Because the lhs and the rhs are both multilinear, it is sufficient to prove the "interior product formula" when $\omega$ and $\mu$ are decomposable, i.e. wedge products of $1$-forms.
Working in such a reduced context our formula will be an instance of $\iota_X(\omega_1\wedge\ldots\wedge\omega_p)=\sum_{i=1}^p(-1)^{i-1}(\iota_X\omega_i)\omega_1\wedge \ldots\wedge\widehat{\omega_i}\wedge\ldots\wedge\omega_p.\tag{1}$ (Where $\widehat{\phantom{a}}$ denotes an omitted factor.)

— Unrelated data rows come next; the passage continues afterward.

(* Consider the symmetric robot rendezvous system $$\dot{x}_k(t)=\tfrac{1}{2}\big(x_{k-1}(t)+x_{k+1}(t)\big)-x_k(t),\quad k\in\mathbb{Z},\ t\ge0,$$ with initial constellation $x_0=(x_k(0))_{k\in\mathbb{Z}}\in\ell^\infty(\mathbb{Z})$. Then $x_0$ is good if and only if there exists $c\in\mathbb{C}$ such that $$\sup_{k\in\mathbb{Z}}\bigg|\frac{1}{n}\sum_{j=1}^n\frac{1}{2^j}\sum_{\ell=0}^j\binom{j}{\ell}x_{k-j+2\ell}(0)-c\bigg|\to0\quad\text{as } n\to\infty, \tag{$*$}$$ and in this case $\sup_{k\in\mathbb{Z}}|x_k(t)-c|\to0$ as $t\to\infty$. Furthermore, if the quantity on the left of $( * )$ is $O(n^{-1})$ as $n\to\infty$, then $\sup_{k\in\mathbb{Z}}|x_k(t)-c|=O(t^{-1})$ as $t\to\infty$.
   Context: $\ell^\infty(\mathbb{Z})$ is the Banach space of bounded doubly infinite complex sequences with the supremum norm. $S$ denotes the right-shift $S(x_k)=(x_{k-1})$ and $S^{-1}$ the left-shift $S^{-1}(x_k)=(x_{k+1})$ on $\ell^\infty(\mathbb{Z})$. For $x_0\in\ell^\infty(\mathbb{Z})$, the solution of the system is $x(t)=(x_k(t))_{k\in\mathbb{Z}}=\exp\big(t(\tfrac12(S+S^{-1})-I)\big)x_0$, $t\ge0$. An initial constellation $x_0$ is called good if there exist constants $c_k\in\mathbb{C}$, $k\in\mathbb{Z}$, such that the corresponding solution satisfies $\sup_{k\in\mathbb{Z}}|x_k(t)-c_k|\to0$ as $t\to\infty$. $a(t)=O(b(t))$ means there is $C>0$ with $a(t)\le Cb(t)$ for all sufficiently large arguments. *)

theory Defs
  imports "HOL-Analysis.Analysis" "HOL-Library.Landau_Symbols"
begin

text \<open>Elements of l-infinity over the integers are represented as functions
  int to complex with bounded range.\<close>

definition shiftR :: "(int \<Rightarrow> complex) \<Rightarrow> int \<Rightarrow> complex" where
  "shiftR x k = x (k - 1)"

definition shiftL :: "(int \<Rightarrow> complex) \<Rightarrow> int \<Rightarrow> complex" where
  "shiftL x k = x (k + 1)"

definition rdv_op :: "(int \<Rightarrow> complex) \<Rightarrow> int \<Rightarrow> complex" where
  "rdv_op x k = (shiftR x k + shiftL x k) / 2 - x k"
lemma bilin_form_add_smult:
  "bilin_form A (\<lambda>i. f i + t * g i) (\<lambda>i. f i + t * g i) =
   bilin_form A f f + t * (bilin_form A f g + bilin_form A g f) + t\<^sup>2 * bilin_form A g g"
  by (simp add: bilin_form_def algebra_simps sum.distrib sum_distrib_left power2_eq_square)

lemma linear_coeff_eq_0_if_quadratic_nonneg:
  fixes a b :: real
  assumes "\<And>t. 0 \<le> a * t + b * t\<^sup>2"
  shows "a = 0"
proof (rule ccontr)
  assume "a \<noteq> 0"
  define s where "s = 1 / (\<bar>b\<bar> + 1)"
  have s: "0 < s" "b * s < 1"
    by (auto simp: s_def field_simps)
  have "a * (- a * s) + b * (- a * s)\<^sup>2 = a\<^sup>2 * s * (b * s - 1)"
    by (simp add: algebra_simps power2_eq_square)
  also have "\<dots> < 0"
    using \<open>a \<noteq> 0\<close> s by (simp add: mult_pos_neg)
  finally show False using assms[of "- a * s"] by simp
qed

lemma psd_mat_row_sum_eq_0_if_bilin_form_eq_0:
  assumes A: "A \<in> carrier_mat n n" and psd: "psd_mat A"
    and y: "bilin_form A y y = 0" and i: "i < n"
  shows "(\<Sum>j<n. A $$ (i, j) * y j) = 0"
proof -
  define w where "w i = (\<Sum>j<n. A $$ (i, j) * y j)" for i
  define S where "S = (\<Sum>i<n. (w i)\<^sup>2)"
  have sym: "A\<^sup>T = A" using psd by (simp add: psd_mat_def)
  have "bilin_form A w y = S"
    using A by (simp add: bilin_form_def S_def w_def power2_eq_square)
  moreover have "bilin_form A y w = bilin_form A w y"
    by (rule bilin_form_commute[OF A sym])
  ultimately have "0 \<le> (2 * S) * t + bilin_form A w w * t\<^sup>2" for t
    using bilin_form_nonneg_if_psd_mat[OF psd, of "\<lambda>i. y i + t * w i"]
    unfolding bilin_form_add_smult y by (simp add: algebra_simps)
  then have "S = 0" using linear_coeff_eq_0_if_quadratic_nonneg by fastforce
  then have "\<forall>i\<in>{..<n}. (w i)\<^sup>2 = 0"
    unfolding S_def by (subst sum_nonneg_eq_0_iff[symmetric]) auto
  then show ?thesis using i by (simp add: w_def)
qed

lemma graph_psd_mats_edge_sym:
  assumes "A \<in> graph_psd_mats n E" and "i < n" and "j < n" and "E i j"
  shows "E j i"
proof (cases "i = j")
  case False
  have "A\<^sup>T = A" and "A \<in> carrier_mat n n"
    using assms(1) by (auto simp: graph_psd_mats_def psd_mat_def)
  then have "A $$ (j, i) = A $$ (i, j)"
    using assms(2,3) by (metis carrier_matD index_transpose_mat(1))
  moreover have "A $$ (i, j) \<noteq> 0 \<longleftrightarrow> E i j" and "A $$ (j, i) \<noteq> 0 \<longleftrightarrow> E j i"
    using assms(1-3) False unfolding graph_psd_mats_def by auto
  ultimately show ?thesis using assms(4) by simp
qed (use assms(4) in simp)

section \<open>Forcing and kernel vectors\<close>

lemma white_conn_step:
  assumes "white_conn E W i v" and "j \<in> W" and "E j i"
  shows "white_conn E W j v"
  using assms unfolding white_conn_def by (auto intro: converse_rtranclp_into_rtranclp)

lemma white_conn_closed:
  assumes "white_conn E W w v" and "w \<in> X"
    and closed: "\<And>a b. a \<in> X \<Longrightarrow> b \<in> W \<Longrightarrow> E a b \<Longrightarrow> b \<in> X"
  shows "v \<in> X"
proof -
  have "(\<lambda>a b. a \<in> W \<and> b \<in> W \<and> E a b)\<^sup>*\<^sup>* w v"
    using assms(1) by (simp add: white_conn_def)
  then show ?thesis
    using assms(2) by induction (auto intro: closed)
qed

lemma psd_reach_subset:
  assumes "psd_reach n E S B" and "S \<subseteq> {0..<n}"
  shows "B \<subseteq> {0..<n}"
  using assms by induction (auto simp: psd_force_def)

lemma mat_kernel_row_sum_eq_0:
  assumes A: "A \<in> carrier_mat nr nc" and x: "x \<in> mat_kernel A" and i: "i < nr"
  shows "(\<Sum>j<nc. A $$ (i, j) * x $ j) = 0"
proof -
  have "x = vec nc (($) x)" using mat_kernelD(1)[OF A x] by auto
  then have "(A *\<^sub>v vec nc (($) x)) $ i = 0"
    using mat_kernelD(2)[OF A x] i by (metis index_zero_vec(1))
  then show ?thesis using mult_mat_vec_vec_index[OF A i] by simp
qed

text \<open>No edge leaves C inside the white set and x vanishes on the blue set, so the parts y and
  x - y of x on and off C are A-orthogonal. Their forms are nonnegative and add up to the form
  of x, which is 0; hence the form of y vanishes and A y = 0.\<close>

lemma kernel_vec_restrict_white_closed:
  assumes AG: "A \<in> graph_psd_mats n E" and x: "x \<in> mat_kernel A"
    and xB: "\<forall>i\<in>B. x $ i = 0" and C: "C \<subseteq> {0..<n} - B"
    and closed: "\<And>i j. i \<in> C \<Longrightarrow> j \<in> {0..<n} - B \<Longrightarrow> E i j \<Longrightarrow> j \<in> C"
    and i: "i < n"
  shows "(\<Sum>j<n. A $$ (i, j) * (if j \<in> C then x $ j else 0)) = 0"
proof -
  have A: "A \<in> carrier_mat n n" and psd: "psd_mat A"
    and pattern: "\<And>i j. i < n \<Longrightarrow> j < n \<Longrightarrow> i \<noteq> j \<Longrightarrow> A $$ (i, j) \<noteq> 0 \<longleftrightarrow> E i j"
    using AG by (auto simp: graph_psd_mats_def)
  have sym: "A\<^sup>T = A" using psd by (simp add: psd_mat_def)
  define y where "y j = (if j \<in> C then x $ j else 0)" for j
  define z where "z j = x $ j - y j" for j
  have z_row: "(\<Sum>j<n. A $$ (k, j) * z j) = 0" if "k \<in> C" for k
  proof (intro sum.neutral ballI)
    fix j assume j: "j \<in> {..<n}"
    show "A $$ (k, j) * z j = 0"
    proof (cases "j \<in> {0..<n} - B - C")
      case True
      then have "j \<noteq> k" and "\<not> E k j" using that closed[of k j] by auto
      then show ?thesis using pattern[of k j] that C j by auto
    next
      case False
      then show ?thesis using j xB C by (auto simp: z_def y_def)
    qed
  qed
  have "bilin_form A y z = 0"
    using A z_row by (simp add: bilin_form_def y_def)
  moreover have "bilin_form A (($) x) (($) x) = 0"
    using A mat_kernel_row_sum_eq_0[OF A x] by (simp add: bilin_form_def)
  ultimately have "bilin_form A y y + bilin_form A z z = 0"
    using bilin_form_add_smult[of A y 1 z] bilin_form_commute[OF A sym, of z y]
    by (simp add: z_def)
  then have "bilin_form A y y = 0"
    using bilin_form_nonneg_if_psd_mat[OF psd] by (metis add_nonneg_eq_0_iff)
  then have "(\<Sum>j<n. A $$ (i, j) * y j) = 0"
    by (rule psd_mat_row_sum_eq_0_if_bilin_form_eq_0[OF A psd _ i])
  then show ?thesis by (simp only: y_def)
qed
(* Let $b>0$ and $N_{\rm r}\ge 1$, and let $x_1,\dots,x_{N_{\rm r}}\in\mathbb{C}$ be inputs satisfying $|\Re(x_k)|\le b$ and $|\Im(x_k)|\le b$ for all $k$. Define the first-order 1-bit spatial sigma-delta recursion with zero feedback phase shift (steering angle $\psi=0$) by $e_0=0$ and, for $n=1,\dots,N_{\rm r}$, $$r_n = x_n - e_{n-1},\qquad y_n=\mathcal{Q}_b[r_n],\qquad e_n = y_n - r_n,$$ where $\mathcal{Q}_b[u]=b\,\mathrm{sign}(\Re(u))+\jmath\, b\,\mathrm{sign}(\Im(u))$. Then for every $n=1,\dots,N_{\rm r}$, $$\Re(e_n) = b - 2b\left\langle \tfrac{1}{2}(n-1) + \tfrac{1}{2b}\sum_{k=1}^{n}\Re(x_k)\right\rangle,\qquad \Im(e_n) = b - 2b\left\langle \tfrac{1}{2}(n-1) + \tfrac{1}{2b}\sum_{k=1}^{n}\Im(x_k)\right\rangle,$$ where $\langle u\rangle = u-\lfloor u\rfloor$ denotes the fractional part of a real number $u$.
   Context: $\jmath=\sqrt{-1}$. The function $\mathrm{sign}:\mathbb{R}\to\{-1,1\}$ is taken with the convention $\mathrm{sign}(u)=1$ for $u\ge 0$ and $\mathrm{sign}(u)=-1$ for $u<0$. In the paper the inputs $x_n$ are the antenna signals after an amplitude clipper with clipping level $c$; for steering angle $\psi=0$ the paper's overload condition $c=b(2-|\cos\varphi|-|\sin\varphi|)$ with $\varphi=0$ gives $c=b$, so the (clipped) inputs have real and imaginary parts bounded in absolute value by $b$. The quantity $e_n$ is the quantization error of channel (antenna) $n$, fed back to the input of channel $n+1$. *)

theory Defs
  imports Complex_Main
begin

definition sign1 :: "real \<Rightarrow> real" where
  "sign1 u = (if u \<ge> 0 then 1 else -1)"

definition quant :: "real \<Rightarrow> complex \<Rightarrow> complex" where
  "quant b u = Complex (b * sign1 (Re u)) (b * sign1 (Im u))"

fun sd_err :: "real \<Rightarrow> (nat \<Rightarrow> complex) \<Rightarrow> nat \<Rightarrow> complex" where
  "sd_err b x 0 = 0"
| "sd_err b x (Suc n) =
     (let r = x (Suc n) - sd_err b x n; y = quant b r in y - r)"

end

theory Submission
  imports Defs
begin

text \<open>The recursion acts on real and imaginary parts separately, each being a scalar 1-bit
  sigma-delta loop. Writing the scalar error as \<open>e = b - 2b\<langle>S\<rangle>\<close>, the next residual is
  \<open>r = 2b(\<langle>S\<rangle> + t - 1)\<close> with \<open>t = 1/2 + a/(2b) \<in> [0,1]\<close>; so the sign of \<open>r\<close> records whether
  \<open>\<langle>S\<rangle> + t\<close> wraps past 1, and the new error is again \<open>b - 2b\<langle>S + t\<rangle>\<close>. Starting from
  \<open>e\<^sub>0 = 0 = b - 2b\<langle>-1/2\<rangle>\<close>, the phase \<open>S\<close> accumulates to the stated sum.\<close>

fun scalar_sd_err :: "real \<Rightarrow> (nat \<Rightarrow> real) \<Rightarrow> nat \<Rightarrow> real" where
  "scalar_sd_err b a 0 = 0"
| "scalar_sd_err b a (Suc n) =
     (let r = a (Suc n) - scalar_sd_err b a n in b * sign1 r - r)"

lemma Re_sd_err: "Re (sd_err b x n) = scalar_sd_err b (\<lambda>k. Re (x k)) n"
  by (induction n) (simp_all add: quant_def Let_def)

lemma Im_sd_err: "Im (sd_err b x n) = scalar_sd_err b (\<lambda>k. Im (x k)) n"
  by (induction n) (simp_all add: quant_def Let_def)

lemma frac_add_unit_interval:
  fixes s t :: "'a::floor_ceiling"
  assumes "0 \<le> t" "t \<le> 1"
  shows "frac (s + t) = (if frac s + t < 1 then frac s + t else frac s + t - 1)"
proof -
  have s: "s = of_int \<lfloor>s\<rfloor> + frac s" by (simp add: frac_def)
  have "0 \<le> frac s" "frac s < 1" by (simp_all add: frac_lt_1)
  then have "\<lfloor>s + t\<rfloor> = \<lfloor>s\<rfloor> + (if frac s + t < 1 then 0 else 1)"
    unfolding floor_eq_iff using assms s by (auto; linarith)
  then show ?thesis by (simp add: frac_def)
qed

lemma quantizer_error_step:
  fixes a b S :: real
  assumes "b > 0" and "\<bar>a\<bar> \<le> b"
  defines "r \<equiv> a - (b - 2 * b * frac S)"
  shows "b * sign1 r - r = b - 2 * b * frac (S + (1/2 + a / (2 * b)))"
proof -
  define t where "t = 1/2 + a / (2 * b)"
  have t: "0 \<le> t" "t \<le> 1"
    using assms(1,2) by (auto simp: t_def field_simps abs_le_iff)
  have r: "r = 2 * b * (frac S + t - 1)"
    using assms(1) by (simp add: r_def t_def field_simps)
  have "sign1 r = (if frac S + t < 1 then -1 else 1)"
    using assms(1) by (auto simp: r sign1_def zero_le_mult_iff mult_less_0_iff)
  then show ?thesis
    unfolding t_def[symmetric] frac_add_unit_interval[OF t] r by (simp add: algebra_simps)
qed

lemma scalar_sd_err_closed_form:
  fixes b :: real and a :: "nat \<Rightarrow> real"
  assumes "b > 0" and "\<forall>k\<in>{1..n}. \<bar>a k\<bar> \<le> b"
  shows "scalar_sd_err b a n
           = b - 2 * b * frac ((real n - 1) / 2 + (1 / (2 * b)) * (\<Sum>k=1..n. a k))"
  using assms(2)
proof (induction n)
  case 0
  have "frac (-1/2 :: real) = 1/2"
    by (simp add: frac_def floor_eq_iff)
  then show ?case by simp
next
  case (Suc n)
  define S where "S = (real n - 1) / 2 + (1 / (2 * b)) * (\<Sum>k=1..n. a k)"
  have IH: "scalar_sd_err b a n = b - 2 * b * frac S"
    using Suc by (simp add: S_def)
  have "(real (Suc n) - 1) / 2 + (1 / (2 * b)) * (\<Sum>k=1..Suc n. a k)
          = S + (1/2 + a (Suc n) / (2 * b))"
    using assms(1) by (simp add: S_def field_simps)
  moreover have "\<bar>a (Suc n)\<bar> \<le> b" using Suc.prems by simp
  ultimately show ?case
    using quantizer_error_step[OF assms(1)] by (simp add: IH Let_def)
qed

theorem lemma1:
  fixes b :: real and Nr :: nat and x :: "nat \<Rightarrow> complex"
  assumes "b > 0" and "Nr \<ge> 1"
    and "\<forall>k\<in>{1..Nr}. \<bar>Re (x k)\<bar> \<le> b \<and> \<bar>Im (x k)\<bar> \<le> b"
  shows "\<forall>n\<in>{1..Nr}.
     Re (sd_err b x n) = b - 2 * b * frac ((real n - 1) / 2 + (1 / (2 * b)) * (\<Sum>k=1..n. Re (x k)))
   \<and> Im (sd_err b x n) = b - 2 * b * frac ((real n - 1) / 2 + (1 / (2 * b)) * (\<Sum>k=1..n. Im (x k)))"
proof
  fix n assume "n \<in> {1..Nr}"
  then have "\<forall>k\<in>{1..n}. \<bar>Re (x k)\<bar> \<le> b" "\<forall>k\<in>{1..n}. \<bar>Im (x k)\<bar> \<le> b"
    using assms(3) by auto
  from this[THEN scalar_sd_err_closed_form[OF assms(1)]]
  show "Re (sd_err b x n) = b - 2 * b * frac ((real n - 1) / 2 + (1 / (2 * b)) * (\<Sum>k=1..n. Re (x k)))
   \<and> Im (sd_err b x n) = b - 2 * b * frac ((real n - 1) / 2 + (1 / (2 * b)) * (\<Sum>k=1..n. Im (x k)))"
    unfolding Re_sd_err Im_sd_err ..
qed

end
(* Let $\mathbb{F}$ be a field of characteristic different from $2$, let $n\geq 3$, and let $\mathcal{A}$ be a division $*$-algebra which is one of: $\mathbb{F}$, a binarion algebra $\mathcal{B}(\mathbb{F})$, or a quaternion algebra $\mathcal{Q}(\mathbb{F})$ (as defined in the context). Let $H_n(\mathcal{A})$ be the Jordan algebra of self-adjoint $n\times n$ matrices over $\mathcal{A}$. Then every 2-local inner derivation on $H_n(\mathcal{A})$ is a derivation.
   Context: $\mathbb{F}$ carries the trivial involution. $\mathcal{B}(\mathbb{F})$ is the associative unital algebra with basis $\mathbf{1},i$, $i^2=\lambda\mathbf{1}$ ($\lambda\in\mathbb{F}\setminus\{0\}$), with involution $\overline{\alpha_0\mathbf{1}+\alpha_1 i}=\alpha_0\mathbf{1}-\alpha_1 i$. $\mathcal{Q}(\mathbb{F})$ is the associative unital algebra with basis $\mathbf{1},i,j,k$, $i^2=\lambda\mathbf{1}$, $j^2=\mu\mathbf{1}$, $ij=-ji=k$ ($\lambda,\mu\in\mathbb{F}\setminus\{0\}$), with involution $\overline{\alpha_0\mathbf{1}+\alpha_1i+\alpha_2j+\alpha_3k}=\alpha_0\mathbf{1}-\alpha_1i-\alpha_2j-\alpha_3k$. $M_n(\mathcal{A})$ has involution $(a_{i,j})^*=(\overline{a_{j,i}})$, and $H_n(\mathcal{A})=\{x\in M_n(\mathcal{A}):x^*=x\}$ with Jordan product $a\circ b=\frac12(ab+ba)$. A derivation is a linear map $D$ with $D(x\circ y)=D(x)\circ y+x\circ D(y)$. An inner derivation is a map $x\mapsto\sum_{k=1}^m\big(a_k\circ(b_k\circ x)-b_k\circ(a_k\circ x)\big)$ with $a_k,b_k\in H_n(\mathcal{A})$. A 2-local inner derivation is a map $\Delta:H_n(\mathcal{A})\to H_n(\mathcal{A})$ (not assumed linear) such that for every $x,y$ there is an inner derivation $D$ with $\Delta(x)=D(x)$, $\Delta(y)=D(y)$. *)

theory Defs
  imports Main "HOL-Library.Product_Plus"
begin

text \<open>Elements of the algebras are represented by coordinate quadruples
  (alpha0, alpha1, alpha2, alpha3) w.r.t. the basis 1, i, j, k of the quaternion
  algebra with i^2 = l, j^2 = m, ij = -ji = k.  The field F and the binarion
  algebra B(F) are the subalgebras spanned by 1, resp. 1, i.\<close>

type_synonym 'a qd = "'a \<times> 'a \<times> 'a \<times> 'a"
type_synonym 'a mat = "nat \<Rightarrow> nat \<Rightarrow> 'a qd"

datatype alg_kind = FieldAlg | Binarion | Quaternion

fun qmul :: "'a::field \<Rightarrow> 'a \<Rightarrow> 'a qd \<Rightarrow> 'a qd \<Rightarrow> 'a qd" where
  "qmul l m (a0, a1, a2, a3) (b0, b1, b2, b3) =
     (a0*b0 + l*a1*b1 + m*a2*b2 - l*m*a3*b3,
      a0*b1 + a1*b0 - m*a2*b3 + m*a3*b2,
      a0*b2 + a2*b0 + l*a1*b3 - l*a3*b1,
      a0*b3 + a3*b0 + a1*b2 - a2*b1)"

definition qone :: "'a::field qd" where "qone = (1, 0, 0, 0)"

fun qconj :: "'a::field qd \<Rightarrow> 'a qd" where
  "qconj (a0, a1, a2, a3) = (a0, -a1, -a2, -a3)"

fun qsmul :: "'a::field \<Rightarrow> 'a qd \<Rightarrow> 'a qd" where
  "qsmul c (a0, a1, a2, a3) = (c*a0, c*a1, c*a2, c*a3)"

definition alg_carrier :: "alg_kind \<Rightarrow> 'a::field qd set" where
  "alg_carrier k = (case k of
      FieldAlg \<Rightarrow> {(a, 0, 0, 0) | a. True}
    | Binarion \<Rightarrow> {(a, b, 0, 0) | a b. True}
    | Quaternion \<Rightarrow> UNIV)"

definition division_alg :: "alg_kind \<Rightarrow> 'a::field \<Rightarrow> 'a \<Rightarrow> bool" where
  "division_alg k l m \<longleftrightarrow>
     (\<forall>x\<in>alg_carrier k. x \<noteq> 0 \<longrightarrow>
        (\<exists>y\<in>alg_carrier k. qmul l m x y = qone \<and> qmul l m y x = qone))"

definition mat_carrier :: "alg_kind \<Rightarrow> nat \<Rightarrow> 'a::field mat set" where
  "mat_carrier k n = {A. (\<forall>i j. i < n \<and> j < n \<longrightarrow> A i j \<in> alg_carrier k) \<and>
                         (\<forall>i j. \<not> (i < n \<and> j < n) \<longrightarrow> A i j = 0)}"

definition mstar :: "'a::field mat \<Rightarrow> 'a mat" where
  "mstar A = (\<lambda>i j. qconj (A j i))"

definition Herm :: "alg_kind \<Rightarrow> nat \<Rightarrow> 'a::field mat set" where
  "Herm k n = {A \<in> mat_carrier k n. mstar A = A}"

definition mzero :: "'a::field mat" where "mzero = (\<lambda>i j. 0)"

definition madd :: "'a::field mat \<Rightarrow> 'a mat \<Rightarrow> 'a mat" where
  "madd A B = (\<lambda>i j. A i j + B i j)"

definition msub :: "'a::field mat \<Rightarrow> 'a mat \<Rightarrow> 'a mat" where
  "msub A B = (\<lambda>i j. A i j - B i j)"

definition msmul :: "'a::field \<Rightarrow> 'a mat \<Rightarrow> 'a mat" where
  "msmul c A = (\<lambda>i j. qsmul c (A i j))"

definition mmul :: "'a::field \<Rightarrow> 'a \<Rightarrow> nat \<Rightarrow> 'a mat \<Rightarrow> 'a mat \<Rightarrow> 'a mat" where
  "mmul l m n A B = (\<lambda>i j. if i < n \<and> j < n
       then (\<Sum>t<n. qmul l m (A i t) (B t j)) else 0)"

definition jprod :: "'a::field \<Rightarrow> 'a \<Rightarrow> nat \<Rightarrow> 'a mat \<Rightarrow> 'a mat \<Rightarrow> 'a mat" where
  "jprod l m n A B = msmul (inverse 2) (madd (mmul l m n A B) (mmul l m n B A))"

definition is_derivation :: "alg_kind \<Rightarrow> 'a::field \<Rightarrow> 'a \<Rightarrow> nat \<Rightarrow> ('a mat \<Rightarrow> 'a mat) \<Rightarrow> bool" where
  "is_derivation k l m n D \<longleftrightarrow>
     (\<forall>x\<in>Herm k n. D x \<in> Herm k n) \<and>
     (\<forall>x\<in>Herm k n. \<forall>y\<in>Herm k n. D (madd x y) = madd (D x) (D y)) \<and>
     (\<forall>c. \<forall>x\<in>Herm k n. D (msmul c x) = msmul c (D x)) \<and>
     (\<forall>x\<in>Herm k n. \<forall>y\<in>Herm k n.
        D (jprod l m n x y) = madd (jprod l m n (D x) y) (jprod l m n x (D y)))"

definition is_inner_derivation :: "alg_kind \<Rightarrow> 'a::field \<Rightarrow> 'a \<Rightarrow> nat \<Rightarrow> ('a mat \<Rightarrow> 'a mat) \<Rightarrow> bool" where
  "is_inner_derivation k l m n D \<longleftrightarrow>
     (\<exists>ps. set ps \<subseteq> Herm k n \<times> Herm k n \<and>
        (\<forall>x\<in>Herm k n. D x = foldr madd
            (map (\<lambda>(a, b). msub (jprod l m n a (jprod l m n b x))
                                 (jprod l m n b (jprod l m n a x))) ps) mzero))"

definition is_2local_inner_derivation :: "alg_kind \<Rightarrow> 'a::field \<Rightarrow> 'a \<Rightarrow> nat \<Rightarrow> ('a mat \<Rightarrow> 'a mat) \<Rightarrow> bool" where
  "is_2local_inner_derivation k l m n \<Delta> \<longleftrightarrow>
     (\<forall>x\<in>Herm k n. \<Delta> x \<in> Herm k n) \<and>
     (\<forall>x\<in>Herm k n. \<forall>y\<in>Herm k n. \<exists>D. is_inner_derivation k l m n D \<and>
        \<Delta> x = D x \<and> \<Delta> y = D y)"

end

theory Submission
  imports Defs "HOL-Library.Function_Algebras"
begin

text \<open>Expanding the Jordan products shows that the inner derivation
  x \<mapsto> \<Sum>_k (a_k \<circ> (b_k \<circ> x) - b_k \<circ> (a_k \<circ> x)) is the commutator map x \<mapsto> Sx - xS with
  S = \<Sum>_k (a_k b_k - b_k a_k)/4.  Such a map satisfies the Leibniz rule and is skew-adjoint
  for the trace form \<langle>x, y\<rangle> = Re tr(xy), which is nondegenerate on H_n(A).
  A 2-local inner derivation \<Delta> agrees with an inner derivation on any two points,
  so it is still skew-adjoint, which by nondegeneracy forces linearity, and it
  satisfies \<Delta>(x \<circ> x) = \<Delta>x \<circ> x + x \<circ> \<Delta>x; polarising this identity (char \<noteq> 2)
  gives the Leibniz rule.\<close>

lemma qmul_components: "qmul l m a b =
  (fst a * fst b + l * fst (snd a) * fst (snd b) + m * fst (snd (snd a)) * fst (snd (snd b))
     - l * m * snd (snd (snd a)) * snd (snd (snd b)),
   fst a * fst (snd b) + fst (snd a) * fst b - m * fst (snd (snd a)) * snd (snd (snd b))
     + m * snd (snd (snd a)) * fst (snd (snd b)),
   fst a * fst (snd (snd b)) + fst (snd (snd a)) * fst b + l * fst (snd a) * snd (snd (snd b))
     - l * snd (snd (snd a)) * fst (snd b),
   fst a * snd (snd (snd b)) + snd (snd (snd a)) * fst b + fst (snd a) * fst (snd (snd b))
     - fst (snd (snd a)) * fst (snd b))"
  by (cases a; cases b) auto

lemma qsmul_components:
  "qsmul c a = (c * fst a, c * fst (snd a), c * fst (snd (snd a)), c * snd (snd (snd a)))"
  by (cases a) auto

lemma qconj_components:
  "qconj a = (fst a, - fst (snd a), - fst (snd (snd a)), - snd (snd (snd a)))"
  by (cases a) auto

lemmas qd_components = qmul_components qsmul_components qconj_components prod_eq_iff

lemma qmul_assoc: "qmul l m (qmul l m a b) c = qmul l m a (qmul l m b c)"
  by (simp add: qd_components algebra_simps)

lemma qmul_add_left: "qmul l m (a + b) c = qmul l m a c + qmul l m b c"
  and qmul_add_right: "qmul l m a (b + c) = qmul l m a b + qmul l m a c"
  and qmul_diff_left: "qmul l m (a - b) c = qmul l m a c - qmul l m b c"
  and qmul_diff_right: "qmul l m a (b - c) = qmul l m a b - qmul l m a c"
  and qmul_qsmul_left: "qmul l m (qsmul s a) b = qsmul s (qmul l m a b)"
  and qmul_qsmul_right: "qmul l m a (qsmul s b) = qsmul s (qmul l m a b)"
  and qmul_zero_left [simp]: "qmul l m 0 a = 0"
  and qmul_zero_right [simp]: "qmul l m a 0 = 0"
  by (simp_all add: qd_components algebra_simps)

The formula $(1)$ holds if and only if its two sides assume the same value on any $(X_2,\ldots,X_p).$
So, using the definition of interior product and denoting $X=X_1,$ we have to show that $(\omega_1\wedge\ldots\wedge\omega_p)(X_1,\ldots,X_p)=\\=\sum_{i=1}^p(-1)^{i-1}(\iota_X\omega_i)(\omega_1\wedge \ldots\wedge\widehat{\omega_i}\wedge\ldots\wedge\omega_p)(X_2,\ldots,X_p)\tag{2}$ If $A$ is the matrix $(\omega_i(X_j))_{i,j=1,\ldots,p},$ then the lhs of $(2)$ is $\det(A)$ while the rhs of $(2)$ is the Laplace expansion of $\det(A)$ w.r.t. the first column of $A$.